Then I stumbled upon Gravity forms.

It was everything I was looking for, so I bought it and couldn’t be happier. I’ve narrowed down the 5 reasons that Gravity Forms is better than the form plugin you’re using, and I’m going to go into them quickly here:

Support

This is the biggest difference between free and premium anything and why I gladly pay for most things I use. If you have a problem on your site, or are building a site for someone else, you probably need it fixed now. Not in a few weeks when the author gets around to messaging you back. Gravity Forms is a small operation, so there’s no phone number or anything, but you’ll get your answer fairly quickly on the support forums.

Mail services

There’s no need to use your mail service for any responses. You can see and reply to form inquiries via the WordPress dashboard. Feel like sending an autoresponse to somebody after they fill your form out? You can do that too, and you can pass information like their name to the e-mail to personalize it.
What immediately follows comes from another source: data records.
(* Let $U\colon[0,1]^2\to[0,1]$ be a uninorm with neutral element $e\in(0,1)$, $U\in\mathcal U$, and let $a<b$ be idempotent elements of $U$ such that there is no idempotent element of $U$ in $(a,b)$. If there exist $y\in[0,1]$ and $x_1,x_2\in(a,b)$ with $x_1<x_2$ such that $u_{x_1}$ and $u_{x_2}$ are both non-continuous at $y$, then $U$ is pseudo-internal on $[a,b]\times[0,1]$, i.e. $U(x,z)\in\{x,z\}$ for all $(x,z)\in [a,b]\times[0,1]$ with $(x,z)\in[0,e]\times[e,1]\cup[e,1]\times[0,e]$.
   Context: A uninorm is a commutative, associative binary operation on $[0,1]$, non-decreasing in each variable, with a neutral element $e$. Underlying t-norm $T_U(x,y)=U(ex,ey)/e$, underlying t-conorm $C_U(x,y)=(U(e+(1-e)x,e+(1-e)y)-e)/(1-e)$; $\mathcal U$ is the class of uninorms for which both are continuous. For $x\in[0,1]$, $u_x(z)=U(x,z)$. An idempotent element is $x$ with $U(x,x)=x$. $U$ is pseudo-internal (on a set) if it is internal, i.e. $U(x,z)\in\{x,z\}$, at all points of that set lying in $[0,e]\times[e,1]\cup[e,1]\times[0,e]$. *)

theory Defs
  imports "HOL-Analysis.Analysis"
begin

text \<open>A uninorm on the unit interval with neutral element e. Only values on [0,1] matter.\<close>
definition uninorm :: "(real \<Rightarrow> real \<Rightarrow> real) \<Rightarrow> real \<Rightarrow> bool" where
  "uninorm U e \<longleftrightarrow> e \<in> {0..1} \<and>
     (\<forall>x\<in>{0..1}. \<forall>y\<in>{0..1}. U x y \<in> {0..1}) \<and>
     (\<forall>x\<in>{0..1}. \<forall>y\<in>{0..1}. U x y = U y x) \<and>
     (\<forall>x\<in>{0..1}. \<forall>y\<in>{0..1}. \<forall>z\<in>{0..1}. U (U x y) z = U x (U y z)) \<and>
     (\<forall>x\<in>{0..1}. \<forall>y\<in>{0..1}. \<forall>z\<in>{0..1}. y \<le> z \<longrightarrow> U x y \<le> U x z) \<and>
     (\<forall>x\<in>{0..1}. U e x = x)"

definition underlying_tnorm :: "(real \<Rightarrow> real \<Rightarrow> real) \<Rightarrow> real \<Rightarrow> real \<Rightarrow> real \<Rightarrow> real" where
  "underlying_tnorm U e x y = U (e * x) (e * y) / e"

definition underlying_tconorm :: "(real \<Rightarrow> real \<Rightarrow> real) \<Rightarrow> real \<Rightarrow> real \<Rightarrow> real \<Rightarrow> real" where
  "underlying_tconorm U e x y = (U (e + (1 - e) * x) (e + (1 - e) * y) - e) / (1 - e)"

definition in_class_U :: "(real \<Rightarrow> real \<Rightarrow> real) \<Rightarrow> real \<Rightarrow> bool" where
  "in_class_U U e \<longleftrightarrow> uninorm U e \<and>
     continuous_on ({0..1} \<times> {0..1}) (\<lambda>(x, y). underlying_tnorm U e x y) \<and>
     continuous_on ({0..1} \<times> {0..1}) (\<lambda>(x, y). underlying_tconorm U e x y)"

definition idempotent_elem :: "(real \<Rightarrow> real \<Rightarrow> real) \<Rightarrow> real \<Rightarrow> bool" where
  "idempotent_elem U x \<longleftrightarrow> x \<in> {0..1} \<and> U x x = x"

end

theory Submission
  imports Defs
begin

text \<open>By the duality x \<mapsto> 1 - x we may assume that the gap (a, b) between consecutive
  idempotents lies below e, where U is an Archimedean piece of the continuous underlying t-norm.
  For z \<ge> e, associativity and divisibility on [a, b] force x \<mapsto> U x z to be, on all of (a, b),
  either the identity, or the constant z, or strictly between x and z. A section u_x is monotone
  and, by continuity of the t-norm and t-conorm parts, attains every value in [0, v] for each of
  its values v \<le> e and every value in [v, 1] for each of its values v \<ge> e; so a
  discontinuity of u_x at y is a jump across e. Two sections u_x1, u_x2
  jumping at the same y exclude the third alternative for every z \<ge> e, by a case analysis on
  whether y is idempotent and on the position of z relative to y. The first two alternatives
  are pseudo-internality.\<close>

lemma continuous_within_mono_on_semicontinuous:
  fixes f :: "real \<Rightarrow> real"
  assumes mono: "mono_on S f" and y0: "y0 \<in> S"
    and right: "\<And>\<epsilon>. \<epsilon> > 0 \<Longrightarrow> \<exists>\<delta>>0. \<forall>z\<in>S. y0 \<le> z \<and> z < y0 + \<delta> \<longrightarrow> f z < f y0 + \<epsilon>"
    and left: "\<And>\<epsilon>. \<epsilon> > 0 \<Longrightarrow> \<exists>\<delta>>0. \<forall>z\<in>S. y0 - \<delta> < z \<and> z \<le> y0 \<longrightarrow> f y0 - \<epsilon> < f z"
  shows "continuous (at y0 within S) f"
  unfolding continuous_within_eps_delta
proof (intro allI impI)
  fix \<epsilon> :: real assume "\<epsilon> > 0"
  obtain d1 where d1: "d1 > 0" "\<forall>z\<in>S. y0 \<le> z \<and> z < y0 + d1 \<longrightarrow> f z < f y0 + \<epsilon>"
    using right[OF \<open>\<epsilon> > 0\<close>] by auto
  obtain d2 where d2: "d2 > 0" "\<forall>z\<in>S. y0 - d2 < z \<and> z \<le> y0 \<longrightarrow> f y0 - \<epsilon> < f z"
    using left[OF \<open>\<epsilon> > 0\<close>] by auto
  show "\<exists>\<delta>>0. \<forall>z\<in>S. dist z y0 < \<delta> \<longrightarrow> dist (f z) (f y0) < \<epsilon>"
  proof (intro exI[of _ "min d1 d2"] conjI ballI impI)
    fix z assume z: "z \<in> S" "dist z y0 < min d1 d2"
    show "dist (f z) (f y0) < \<epsilon>"
    proof (cases "y0 \<le> z")
      case True
      then have "f y0 \<le> f z" using mono_onD[OF mono y0 z(1)] by simp
      moreover have "f z < f y0 + \<epsilon>" using d1 z True by (auto simp: dist_real_def)
      ultimately show ?thesis by (auto simp: dist_real_def)
    next
      case False
      then have "f z \<le> f y0" using mono_onD[OF mono z(1) y0] by simp
      moreover have "f y0 - \<epsilon> < f z" using d2 z False by (auto simp: dist_real_def)
      ultimately show ?thesis by (auto simp: dist_real_def)
    qed
  qed (use d1 d2 in auto)
qed

lemma continuous_within_Sup_range_const:
  fixes f s :: "nat \<Rightarrow> real" and g :: "real \<Rightarrow> real"
  assumes cont: "continuous (at (Sup (range s)) within S) g" and bdd: "bdd_above (range s)"
    and s: "\<And>n. s n \<in> S" and const: "\<And>n. g (s n) = c"
  shows "g (Sup (range s)) = c"
proof (rule ccontr)
  let ?L = "Sup (range s)"
  assume "g ?L \<noteq> c"
  then obtain d where d: "d > 0" "\<forall>u\<in>S. dist u ?L < d \<longrightarrow> dist (g u) (g ?L) < dist c (g ?L)"
    using cont[unfolded continuous_within_eps_delta, rule_format, of "dist c (g ?L)"] by auto
  obtain n where "?L - d < s n" using less_cSup_iff[OF _ bdd, of "?L - d"] d(1) by auto
  moreover have "s n \<le> ?L" using cSup_upper[OF _ bdd] by auto
  ultimately have "dist (g (s n)) (g ?L) < dist c (g ?L)" using d s[of n] by (auto simp: dist_real_def)
  then show False using const[of n] by simp
qed

subsection \<open>Sections of uninorms in the class U\<close>

locale class_U =
  fixes U :: "real \<Rightarrow> real \<Rightarrow> real" and e :: real
  assumes cls: "in_class_U U e" and e0: "0 < e" and e1: "e < 1"
begin

lemma is_uninorm: "uninorm U e"
  using cls by (simp add: in_class_U_def)

lemma U_in_unit: "0 \<le> x \<Longrightarrow> x \<le> 1 \<Longrightarrow> 0 \<le> z \<Longrightarrow> z \<le> 1 \<Longrightarrow> 0 \<le> U x z \<and> U x z \<le> 1"
  using is_uninorm by (auto simp: uninorm_def)

lemma U_commute: "0 \<le> x \<Longrightarrow> x \<le> 1 \<Longrightarrow> 0 \<le> z \<Longrightarrow> z \<le> 1 \<Longrightarrow> U x z = U z x"
  using is_uninorm by (auto simp: uninorm_def)

lemma U_assoc: "0 \<le> x \<Longrightarrow> x \<le> 1 \<Longrightarrow> 0 \<le> y \<Longrightarrow> y \<le> 1 \<Longrightarrow> 0 \<le> z \<Longrightarrow> z \<le> 1 \<Longrightarrow>
   U (U x y) z = U x (U y z)"
  using is_uninorm unfolding uninorm_def by (auto)

lemma U_mono_right: "0 \<le> x \<Longrightarrow> x \<le> 1 \<Longrightarrow> 0 \<le> y \<Longrightarrow> y \<le> z \<Longrightarrow> z \<le> 1 \<Longrightarrow> U x y \<le> U x z"
  using is_uninorm unfolding uninorm_def by (auto)

lemma U_mono_left: "0 \<le> x \<Longrightarrow> x \<le> y \<Longrightarrow> y \<le> 1 \<Longrightarrow> 0 \<le> z \<Longrightarrow> z \<le> 1 \<Longrightarrow> U x z \<le> U y z"
  using U_mono_right[of z x y] U_commute by auto

lemma U_mono: "0 \<le> x \<Longrightarrow> x \<le> x' \<Longrightarrow> x' \<le> 1 \<Longrightarrow> 0 \<le> z \<Longrightarrow> z \<le> z' \<Longrightarrow> z' \<le> 1 \<Longrightarrow> U x z \<le> U x' z'"
  by (meson U_mono_left U_mono_right order_trans)

lemma U_neutral_left: "0 \<le> x \<Longrightarrow> x \<le> 1 \<Longrightarrow> U e x = x"
proof -
  have "\<forall>x\<in>{0..1}. U e x = x" using is_uninorm unfolding uninorm_def by blast
  then show "0 \<le> x \<Longrightarrow> x \<le> 1 \<Longrightarrow> U e x = x" by auto
qed

lemma U_neutral_right: "0 \<le> x \<Longrightarrow> x \<le> 1 \<Longrightarrow> U x e = x"
  using U_commute[of x e] U_neutral_left[of x] e0 e1 by simp

lemma continuous_on_tnorm_square: "continuous_on ({0..e} \<times> {0..e}) (\<lambda>p. U (fst p) (snd p))"
proof -
  have c: "continuous_on ({0..1} \<times> {0..1}) (\<lambda>(x, y). underlying_tnorm U e x y)"
    using cls by (simp add: in_class_U_def)
  have f: "continuous_on ({0..e} \<times> {0..e}) (\<lambda>p::real\<times>real. (fst p / e, snd p / e))"
    by (intro continuous_intros) (use e0 in auto)
  have im: "(\<lambda>p::real\<times>real. (fst p / e, snd p / e)) ` ({0..e} \<times> {0..e}) \<subseteq> {0..1} \<times> {0..1}"
    using e0 by auto
  have "continuous_on ({0..e} \<times> {0..e}) (\<lambda>p. e * (\<lambda>(x, y). underlying_tnorm U e x y) (fst p / e, snd p / e))"
    by (intro continuous_intros continuous_on_compose2[OF c f im])
  moreover have "\<And>p. p \<in> {0..e} \<times> {0..e} \<Longrightarrow> e * (\<lambda>(x, y). underlying_tnorm U e x y) (fst p / e, snd p / e) = U (fst p) (snd p)"
    using e0 by (auto simp: underlying_tnorm_def)
  ultimately show ?thesis using continuous_on_cong by (metis (no_types, lifting))
qed

lemma continuous_on_tconorm_square: "continuous_on ({e..1} \<times> {e..1}) (\<lambda>p. U (fst p) (snd p))"
proof -
  have c: "continuous_on ({0..1} \<times> {0..1}) (\<lambda>(x, y). underlying_tconorm U e x y)"
    using cls by (simp add: in_class_U_def)
  have f: "continuous_on ({e..1} \<times> {e..1}) (\<lambda>p::real\<times>real. ((fst p - e) / (1 - e), (snd p - e)/ (1 - e)))"
    by (intro continuous_intros) (use e1 in auto)
  have im: "(\<lambda>p::real\<times>real. ((fst p - e) / (1 - e), (snd p - e)/ (1 - e))) ` ({e..1} \<times> {e..1}) \<subseteq> {0..1} \<times> {0..1}"
    using e1 by (auto simp: field_simps)
  have "continuous_on ({e..1} \<times> {e..1}) (\<lambda>p. e + (1 - e) * (\<lambda>(x, y). underlying_tconorm U e x y) ((fst p - e) / (1 - e), (snd p - e)/ (1 - e)))"
    by (intro continuous_intros continuous_on_compose2[OF c f im])
  moreover have "\<And>p. p \<in> {e..1} \<times> {e..1} \<Longrightarrow> e + (1 - e) * (\<lambda>(x, y). underlying_tconorm U e x y) ((fst p - e) / (1 - e), (snd p - e)/ (1 - e)) = U (fst p) (snd p)"
    using e1 by (auto simp: underlying_tconorm_def)
  ultimately show ?thesis using continuous_on_cong by (metis (no_types, lifting))
qed

lemma continuous_on_tnorm_right: "0 \<le> w \<Longrightarrow> w \<le> e \<Longrightarrow> continuous_on {0..e} (U w)"
  by (rule continuous_on_compose2[OF continuous_on_tnorm_square, of _ "\<lambda>s. (w, s)", simplified]) (auto intro!: continuous_intros)

lemma continuous_on_tnorm_left: "0 \<le> w \<Longrightarrow> w \<le> e \<Longrightarrow> continuous_on {0..e} (\<lambda>x. U x w)"
  by (rule continuous_on_compose2[OF continuous_on_tnorm_square, of _ "\<lambda>s. (s, w)", simplified]) (auto intro!: continuous_intros)

lemma continuous_on_tconorm_right: "e \<le> w \<Longrightarrow> w \<le> 1 \<Longrightarrow> continuous_on {e..1} (U w)"
  by (rule continuous_on_compose2[OF continuous_on_tconorm_square, of _ "\<lambda>s. (w, s)", simplified]) (auto intro!: continuous_intros)

lemma continuous_on_tconorm_left: "e \<le> w \<Longrightarrow> w \<le> 1 \<Longrightarrow> continuous_on {e..1} (\<lambda>x. U x w)"
  by (rule continuous_on_compose2[OF continuous_on_tconorm_square, of _ "\<lambda>s. (s, w)", simplified]) (auto intro!: continuous_intros)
Form Scheduling and Limited Entries

Having a contest? Let people only submit entries for the contest duration. Better yet, if you’re only allowing a certain number of submissions you can set the form to expire after that many people have replied. Briliant.

Validation

I don’t work my ass off on making a website validate just to install a plugin and have it mess all that up. Gravity Forms validates strict. Nerdy stuff, but important to some of us.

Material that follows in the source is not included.